lemma independent_Un_if_independent_mod:
  assumes N: "subspace N" "finite BN" "BN \<subseteq> N" "independent BN"
    and P: "finite P" and ind: "independent_mod N f P"
  shows "independent (BN \<union> f ` P)"
proof (rule independent_if_scalars_zero)
  show "finite (BN \<union> f ` P)" using N(2) P by simp
  have inj: "inj_on f P" and disj: "f ` P \<inter> BN = {}"
    using independent_mod_inj_on_disjoint[OF N(1) P ind] N(3) by blast+
  fix u x assume su: "(\<Sum>x\<in>BN \<union> f ` P. scale (u x) x) = 0" and x: "x \<in> BN \<union> f ` P"
  have split: "(\<Sum>x\<in>BN \<union> f ` P. scale (u x) x) = (\<Sum>x\<in>BN. scale (u x) x) + (\<Sum>p\<in>P. scale (u (f p)) (f p))"
    using N(2) P disj by (subst sum.union_disjoint) (auto simp: sum.reindex[OF inj])
  have "(\<Sum>x\<in>BN. scale (u x) x) \<in> N"
    using N(3) by (intro subspace_sum[OF N(1)] subspace_scale[OF N(1)]) auto
  moreover have "(\<Sum>p\<in>P. scale (u (f p)) (f p)) = - (\<Sum>x\<in>BN. scale (u x) x)"
    using su split by (simp add: eq_neg_iff_add_eq_0 add.commute)
  ultimately have "(\<Sum>p\<in>P. scale (u (f p)) (f p)) \<in> N" using subspace_neg[OF N(1)] by simp
  then have zP: "\<forall>p\<in>P. u (f p) = 0" using independent_modD[OF ind, of "u \<circ> f"] by simp
  then have "(\<Sum>x\<in>BN. scale (u x) x) = 0" using su split by simp
  then have "\<forall>x\<in>BN. u x = 0" using independentD[OF N(4) N(2) subset_refl] by blast
  then show "u x = 0" using x zP by blast
qed

lemma independent_mod_if_independent_Un:
  assumes N: "finite BN" "N \<subseteq> span BN" and P: "finite P"
    and inj: "inj_on f P" and disj: "f ` P \<inter> BN = {}" and ind: "independent (BN \<union> f ` P)"
  shows "independent_mod N f P"
  unfolding independent_mod_def
proof (intro allI impI ballI)
  fix c p assume cN: "(\<Sum>p\<in>P. scale (c p) (f p)) \<in> N" and p: "p \<in> P"
  obtain d where d: "(\<Sum>p\<in>P. scale (c p) (f p)) = (\<Sum>v\<in>BN. scale (d v) v)"
    using cN N(2) span_finite[OF N(1)] by auto
  define u where "u x = (if x \<in> f ` P then c (the_inv_into P f x) else - d x)" for x
  have "(\<Sum>x\<in>BN \<union> f ` P. scale (u x) x) = (\<Sum>x\<in>BN. scale (u x) x) + (\<Sum>q\<in>P. scale (u (f q)) (f q))"
    using N(1) P disj by (subst sum.union_disjoint) (auto simp: sum.reindex[OF inj])
  also have "(\<Sum>x\<in>BN. scale (u x) x) = - (\<Sum>v\<in>BN. scale (d v) v)"
    using disj by (auto simp: u_def sum_negf[symmetric] intro!: sum.cong) blast
  also have "(\<Sum>q\<in>P. scale (u (f q)) (f q)) = (\<Sum>q\<in>P. scale (c q) (f q))"
    by (simp add: u_def the_inv_into_f_f[OF inj])
  finally have "(\<Sum>x\<in>BN \<union> f ` P. scale (u x) x) = 0" using d by simp
  then have "u (f p) = 0"
    using independentD[OF ind _ subset_refl] N(1) P p by blast
  then show "c p = 0" using p by (simp add: u_def the_inv_into_f_f[OF inj])
qed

━━━━

> **Task goal**
If a line in the listing holds the word "shows", list that line.

> **Expected answer**
  shows "independent (BN \<union> f ` P)"
  shows "independent_mod N f P"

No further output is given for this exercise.